(* Let $\alpha\in(0,1)$ and let $\phi:[0,1]\to[0,\infty)$ be four times continuously differentiable on $(0,1]$ with finite constants $W>0$, $c$, $c'$ such that $(2-\alpha)(3-\alpha)(4-\alpha)Wp^{\alpha-4}+c'\le|\phi^{(4)}(p)|\le(2-\alpha)(3-\alpha)(4-\alpha)Wp^{\alpha-4}+c$ for all $p\in(0,1]$. Let $n\ge1$, and $\Delta,p$ with $\frac1n\lesssim\Delta<p\le1$, and let $\tilde N\sim\mathrm{Poisson}(np)$. Then $$\mathrm{Var}\Big[\bar\phi_\Delta\Big(\frac{\tilde N}{n}\Big)-\frac{\tilde N}{2n^2}\bar\phi_\Delta^{(2)}\Big(\frac{\tilde N}{n}\Big)-\phi(p)+\frac{p\phi^{(2)}(p)}{2n}\Big]\lesssim\frac{p^{2\alpha-1}}{n}+\frac{1}{n^4\Delta^{4-2\alpha}}+\frac pn.$$
   Context: For the Bernstein basis $B_{\nu,N}(t)=\binom N\nu t^\nu(1-t)^{N-\nu}$ define $H_L(x;\phi,a,b)=\phi(a)+\sum_{m=1}^L\frac{\phi^{(m)}(a)}{m!}(x-a)^m\sum_{\ell=0}^{L-m}\frac{L+1}{L+\ell+1}B_{\ell,L+\ell+1}\big(\tfrac{x-a}{b-a}\big)$ (derivatives at $1$ are one-sided). For $\Delta\in(0,1]$, $\bar\phi_\Delta:[0,\infty)\to\mathbb{R}$ is $\bar\phi_\Delta(x)=H_4(\Delta/2;\phi,\Delta,\Delta/2)$ if $x\le\Delta/2$; $H_4(x;\phi,\Delta,\Delta/2)$ if $\Delta/2<x<\Delta$; $\phi(x)$ if $\Delta\le x\le1$; $H_4(x;\phi,1,2)$ if $1<x<2$; $H_4(2;\phi,1,2)$ if $x\ge2$; $\bar\phi^{(2)}_\Delta$ is its second derivative. $a\lesssim b$ means $a\le Cb$ for a positive constant $C$ not depending on $n,\Delta,p$ (possibly on $\phi,\alpha$); $\frac1n\lesssim\Delta$ means $\Delta\ge c_0/n$ for a fixed constant $c_0>0$. *)

theory Defs
  imports "HOL-Analysis.Analysis" "HOL-Probability.Probability"
begin

text \<open>Higher derivatives of a function taken within a set S (one-sided at boundary points of S).
  For phi on [0,1] we use S = (0,1], so the derivatives at 1 are left-sided.\<close>
fun hderiv :: "real set \<Rightarrow> nat \<Rightarrow> (real \<Rightarrow> real) \<Rightarrow> real \<Rightarrow> real" where
  "hderiv S 0 f = f"
| "hderiv S (Suc m) f = (\<lambda>x. vector_derivative (hderiv S m f) (at x within S))"

abbreviation phider :: "nat \<Rightarrow> (real \<Rightarrow> real) \<Rightarrow> real \<Rightarrow> real" where
  "phider m phi \<equiv> hderiv {0<..1} m phi"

• **EXERCISE INSTRUCTIONS**
Extract every line above that contains the word "where".

• **YOUR RESPONSE**
fun hderiv :: "real set \<Rightarrow> nat \<Rightarrow> (real \<Rightarrow> real) \<Rightarrow> real \<Rightarrow> real" where
abbreviation phider :: "nat \<Rightarrow> (real \<Rightarrow> real) \<Rightarrow> real \<Rightarrow> real" where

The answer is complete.